Power Boats: How and when did your father start making boats? Giorgio Dalla Pietà: “He started here in Venice, first for his own pleasure, a hobby, then to meet the demands of others. But one must keep in mind that his work was something else. He was in the service of the Gaggia. one of the most well-known Venetian families.”
BaM: What boats did he make? George: “Four-and-a-half-foot, outboard pleasure boats. He had been building them since 1949 in the warehouse of the Gaggia mansion and with a certain sophistication, as is usually the case when one does something more out of passion than obligation. He was one of the first in Italy to use marine plywood and was always aware of what was new in the market, favored by the fact that the family he worked for had frequent contacts with the United States. It must be said that the Gaggia family always appreciated my father’s work and it was probably they themselves who encouraged him to set up his own business. He did not let them tell him twice and at the fine age of 46 – it was 1958 – he changed his life completely. He opened the boatyard at Giudecca and started making those beautiful boats that I strive to continue making today, albeit with different criteria and in a different market reality. My brother Gianni, who was 17 at the time, immediately started working with him. I was not yet born. I came into the world two years later. At a few months old I was already being taken on a boat, and at 2 years old I was holding a rudder. See why I couldn’t have done anything else with my life?”
BaM: Got it. Tell us then when you started working on the construction site. George: “I did accounting, just to do it, then I went to the military and when I came back I went into construction. I started practicing in administration, then went into sales and finally into the various aspects of production. The shipyard, meanwhile, had moved to Marghera for reasons of space, to rented sheds. Finally, in 1987, just to conclude the history of the shipyard, we bought the land here in Fusina, where we are now.”
Above left, the first boatyard opened by Bepi, on the island of Giudecca in 1958.Above right, the splendid patrician palace on the Grand Canal in which Giuseppe Della Pietà, who worked in the service of the Gaggia family, began in 1949 to build boats for simple pleasure. Bottom photo, the Manta, an ingenious boat created by Giuseppe Dalla Pietà in 1967.
BaM: You therefore came to the site when fiberglass had become established as a construction material. George: “It was a painful period. In the 1970s almost all the shipyards converted to fiberglass. My father didn’t want to know about it. And he was not the only one here in Venice, so much so that they formed a consortium in the historic center to defend wood. A kind of resistance committee.”
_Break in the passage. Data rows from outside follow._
(* Let $G$ be a simple stochastic game, $A$ a subset of the arcs of $G$, and $\sigma,\sigma'$ two positional MAX strategies. If $\sigma' \succ_{G[A,\sigma]} \sigma$, then $\sigma' >_G \sigma$.
   Context: A simple stochastic game (SSG) $G$ is a finite directed graph whose vertex set is partitioned into MAX vertices, MIN vertices, random vertices and a nonempty set of sinks; every non-sink vertex has at least one outgoing arc, every sink has exactly one outgoing arc, a self-loop; each random vertex $x$ carries a rational probability distribution $p_x$ on its out-neighbourhood, positive on every out-neighbour; each sink $s$ has rational value $\mathrm{Val}(s)\in[0,1]$. The game is not assumed to be stopping. A positional MAX (resp. MIN) strategy assigns to each MAX (resp. MIN) vertex one of its out-neighbours. Under $\sigma,\tau$ from start $x_0$, the random play moves from MAX vertex $x$ to $\sigma(x)$, from MIN vertex $x$ to $\tau(x)$, from random vertex $x$ to an out-neighbour drawn by $p_x$ independently, and stays at a sink once reached; its value is $\mathrm{Val}(s)$ if it reaches sink $s$, else $0$ (in particular if it never reaches a sink), and $v^G_{\sigma,\tau}(x_0)$ is its expectation. $v^G_\sigma:=v^G_{\sigma,\tau}$ for a best response $\tau$, i.e. a MIN strategy with $v_{\sigma,\tau}\le v_{\sigma,\tau'}$ pointwise for all MIN strategies $\tau'$ (a positional one exists). Vectors are compared pointwise: $v\ge v'$ if $v(x)\ge v'(x)$ for all $x$, and $v>v'$ if $v\ge v'$ and $v\ne v'$. We write $\sigma'>_G\sigma$ if $v^G_{\sigma'}>v^G_\sigma$, and $\sigma'\succ_G\sigma$ if $\sigma'>_G\sigma$ and, for every MAX vertex $x$ with $v^G_{\sigma'}(x)=v^G_\sigma(x)$, $\sigma'(x)=\sigma(x)$. Transformed game: $G[A,\sigma]$ is obtained from a copy of $G$ by replacing each arc $e=(x,y)\in A$ by an arc $(x,s_e)$ to a new sink $s_e$ of value $v^G_\sigma(y)$ (for random $x$, $p_x(s_e)=p_x(y)$); $y$ is kept. Strategies of $G$ and $G[A,\sigma]$ are identified (a MAX vertex $x$ with $\sigma(x)=y$, $(x,y)\in A$, moves to $s_{(x,y)}$), and value vectors in $G[A,\sigma]$ are compared only on the vertices of $G$. *)

theory Defs
  imports "HOL-Probability.Probability_Mass_Function"
begin

record 'v ssg =
  verts :: "'v set"
  maxv  :: "'v set"
  minv  :: "'v set"
  randv :: "'v set"
  sinks :: "'v set"
  arcs  :: "('v \<times> 'v) set"
  prob  :: "'v \<Rightarrow> 'v \<Rightarrow> real"
  sval  :: "'v \<Rightarrow> real"

definition out :: "('v, 'b) ssg_scheme \<Rightarrow> 'v \<Rightarrow> 'v set" where
  "out G x = {y. (x, y) \<in> arcs G}"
BaM: We imagine that your brother Gianni must have gone to great lengths to convince him. George: “In the face of my father’s will, which counted and weighed, I assure you , my brother could do little. Let us say that my father had to surrender to the evidence of the market. That of fiberglass was expanding rapidly and that of wood, by contrast, was shrinking. And we did not escape this fate, even though we tried to make bigger boats and renew the lines. By now something counted for me in the yard, too, and in the face of the concentrated onslaught of his sons, my father gave in to fiberglass. But it never went down well with him. Shortly after the new yard opened, we attended the 1987 Jesolo Boat Show, where we presented our new fiberglass DP6s. The local television station interviewed my father, asking his opinion of the boats on display. He quietly said what he thought, and that was that fiberglass sucked for him, regardless of what we ourselves were displaying in our booth!”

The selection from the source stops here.